Output 31.3.2: Minimum Measure

Minimum Measure Summary
Input Variable MASONRY
ELECTRIC 322.5460



This analysis results in 23 slides based on the observation index. The minimum measure (322.5460) occurs at slide index 13 which corresponds to the time value FEB1978. Note that the original data set SASHELP.WORKERS was modified beginning at the time value JAN1978. This similarity analysis justifies the belief the ELECTRIC lags MASONRY by one month based on the time series cross-correlation analysis despite the lack of target data (MASONRY).
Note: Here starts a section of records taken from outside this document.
lemma summable_square_mult_power:
  fixes x :: real
  assumes "\<bar>x\<bar> < 1"
  shows "summable (\<lambda>k. real k ^ 2 * x ^ k)"
proof -
  have "summable (\<lambda>k. diffs (diffs (\<lambda>_. 1)) k * \<bar>x\<bar> ^ k)"
  proof (rule termdiff_converges [where K = 1])
    fix y :: real
    assume "norm y < 1"
    then show "summable (\<lambda>k. diffs (\<lambda>_. 1) k * y ^ k)"
      by (intro termdiff_converges [where K = 1]) (simp_all add: summable_geometric)
  qed (use assms in simp)
  then have majorant: "summable (\<lambda>k. real (Suc k) * real (Suc (Suc k)) * \<bar>x\<bar> ^ k)"
    by (simp add: diffs_def)
  have square_le: "real k ^ 2 \<le> real (Suc k) * real (Suc (Suc k))" for k
    by (simp only: power2_eq_square of_nat_mult [symmetric] of_nat_le_iff) (intro mult_le_mono; simp)
  show ?thesis
  proof (rule summable_comparison_test [OF _ majorant])
    show "\<exists>N. \<forall>k\<ge>N. norm (real k ^ 2 * x ^ k) \<le> real (Suc k) * real (Suc (Suc k)) * \<bar>x\<bar> ^ k"
      using square_le by (auto intro!: exI [of _ 0] mult_right_mono simp: abs_mult power_abs)
  qed
qed

lemma first_moment_bound_uniform:
  fixes f :: "nat \<Rightarrow> nat \<Rightarrow> real"
  assumes q: "0 \<le> q" "q < 1"
    and nonneg: "\<And>n k. 0 \<le> f n k" and bound: "\<And>n k. f n k \<le> C * real k * q ^ k"
  shows "\<exists>B. \<forall>n. summable (\<lambda>k. real k * f n k) \<and> (\<Sum>k. real k * f n k) \<le> B"
proof (intro exI allI conjI)
  fix n
  have dominated: "real k * f n k \<le> C * (real k ^ 2 * q ^ k)" for k
    using mult_left_mono [OF bound [of n k], of "real k"]
    by (simp add: power2_eq_square algebra_simps)
  have majorant: "summable (\<lambda>k. C * (real k ^ 2 * q ^ k))"
    using q by (intro summable_mult summable_square_mult_power) simp
  show summable: "summable (\<lambda>k. real k * f n k)"
    by (rule summable_comparison_test [OF _ majorant]) (use dominated nonneg in simp)
  show "(\<Sum>k. real k * f n k) \<le> (\<Sum>k. C * (real k ^ 2 * q ^ k))"
    by (rule suminf_le [OF dominated summable majorant])
qed

lemma mean_pos_imp_pmf_pos:
  assumes "0 < (\<Sum>k. real k * pmf p k)"
  obtains K where "1 \<le> K" "0 < pmf p K"
proof -
  have "\<exists>K. real K * pmf p K \<noteq> 0"
  proof (rule ccontr)
    assume "\<nexists>K. real K * pmf p K \<noteq> 0"
    then have "(\<lambda>k. real k * pmf p k) = (\<lambda>_. 0)"
      by auto
    with assms show False
      by simp
  qed
  then obtain K where "real K * pmf p K \<noteq> 0" ..
  then show ?thesis
    using that [of K] pmf_nonneg [of p K] by (cases K) auto
qed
The goal of seasonal sliding similarity measures is to find the seasonal slide index that corresponds to the most similar seasonal subsequence of the input series when compared to the target sequence. The following statements repeat the preceding similarity analysis on the example data set with seasonal sliding:

proc similarity data=workers out=_NULL_ print=(slides summary);
   id date interval=month;
   input  electric;
   target masonry / slide=season measure=msqrdev;
run;

Output 31.3.3: Summary of the Seasonal Slide Measures

The SIMILARITY Procedure

Slide Measures Summary for Input=ELECTRIC
and Target=MASONRY
Slide Index DATE Slide Target
Sequence
Length
Slide Input
Sequence
Length
Slide Warping
Amount
Slide Minimum
Measure
0 JAN1977 48 48 0 1040.086
12 JAN1978 48 48 0 641.927



Output 31.3.4: Seasonal Minimum Measure

Minimum Measure Summary
Input Variable MASONRY
ELECTRIC 641.9273



The analysis differs from the previous analysis in that the slides are performed based on the seasonal index (SLIDE=SEASON) with no warping. With a seasonality of 12, two seasonal slides are considered at slide indices 0 and 12 with the minimum measure (641.9273) occurring at slide index 12 which corresponds to the time value JAN1978. Note that the original data set SASHELP.WORKERS was modified beginning at the time value JAN1978. This similarity analysis justifies the belief that ELECTRIC and MASONRY have similar seasonal properties based on seasonal decomposition analysis despite the lack of target data (MASONRY).